Saved entries
------------

lemma ph_matrix_top_bottom_rows_orthogonal:
  assumes "n > 0" and "i < n" and "n \<le> i'"
  shows "(\<Sum>j<2 * (n * q + 1). ph_matrix n q As Bs i j * ph_matrix n q As Bs i' j) = 0"
proof -
  have "(\<Sum>s<n. ph_block n q As Bs i (q + t) s * ph_block n q As Bs i' (q + t) s)
      = - (\<Sum>s<n. ph_block n q As Bs i t s * ph_block n q As Bs i' t s)" if "t < q" for t
    using that assms(2,3) sum_cyc_mult_cross[of n "As ! t" "int i" "Bs ! t" "int (i' - n)"]
    by (simp add: ph_block_def sum_negf)
  then show ?thesis
    using assms ph_matrix_row_product[OF assms(1)] by (simp add: sum_negf)
qed

lemma partial_hadamard_ph_matrix:
  assumes "n > 0" and A: "PComS n q c1 As" and B: "PComS n q c2 Bs" and "c1 + c2 = -2"
  shows "partial_hadamard (2 * n) (2 * (n * q + 1)) (ph_matrix n q As Bs)"
  unfolding partial_hadamard_def
proof (intro conjI allI impI)
  fix i j
  assume "j < 2 * (n * q + 1)"
  then show "ph_matrix n q As Bs i j = 1 \<or> ph_matrix n q As Bs i j = -1"
    by (rule ph_matrix_pm1[OF assms(1) A B])
next
  fix i i'
  assume i: "i < 2 * n" and i': "i' < 2 * n"
  let ?H = "ph_matrix n q As Bs"
  have "(\<Sum>j<2 * (n * q + 1). ?H i j * ?H i j) = (\<Sum>j<2 * (n * q + 1). 1)"
  proof (intro sum.cong refl)
    fix j
    assume "j \<in> {..<2 * (n * q + 1)}"
    then have "?H i j = 1 \<or> ?H i j = -1"
      using ph_matrix_pm1[OF assms(1) A B] by simp
    then show "?H i j * ?H i j = 1"
      by auto
  qed
  then have diagonal: "(\<Sum>j<2 * (n * q + 1). ?H i j * ?H i j) = int (2 * (n * q + 1))"
    by simp
  show "(\<Sum>j<2 * (n * q + 1). ?H i j * ?H i' j) = (if i = i' then int (2 * (n * q + 1)) else 0)"
  proof (cases "i = i'")
    case True
    then show ?thesis
      using diagonal by simp
  next
    case False
    have swap: "(\<Sum>j<2 * (n * q + 1). ?H i j * ?H i' j) = (\<Sum>j<2 * (n * q + 1). ?H i' j * ?H i j)"
      by (simp add: mult.commute)
    consider "i < n" "i' < n" | "i < n" "n \<le> i'" | "n \<le> i" "i' < n" | "n \<le> i" "n \<le> i'"
      by linarith
    then show ?thesis
    proof cases
      case 1
      then show ?thesis
        using ph_matrix_top_rows_orthogonal[OF assms 1 False] False by simp
    next
      case 2
      then show ?thesis
        using ph_matrix_top_bottom_rows_orthogonal[OF assms(1) 2] False by simp
    next
      case 3
      then show ?thesis
        using ph_matrix_top_bottom_rows_orthogonal[OF assms(1) 3(2,1)] swap False by simp
    next
      case 4
      then show ?thesis
        using ph_matrix_bottom_rows_orthogonal[OF assms 4(1) i 4(2) i' False] False by simp
    qed
  qed
qed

------------

[Instructions for the task] Could you copy every line from the records that has "swap" in it?

[Written answer]
    have swap: "(\<Sum>j<2 * (n * q + 1). ?H i j * ?H i' j) = (\<Sum>j<2 * (n * q + 1). ?H i' j * ?H i j)"
        using ph_matrix_top_bottom_rows_orthogonal[OF assms(1) 3(2,1)] swap False by simp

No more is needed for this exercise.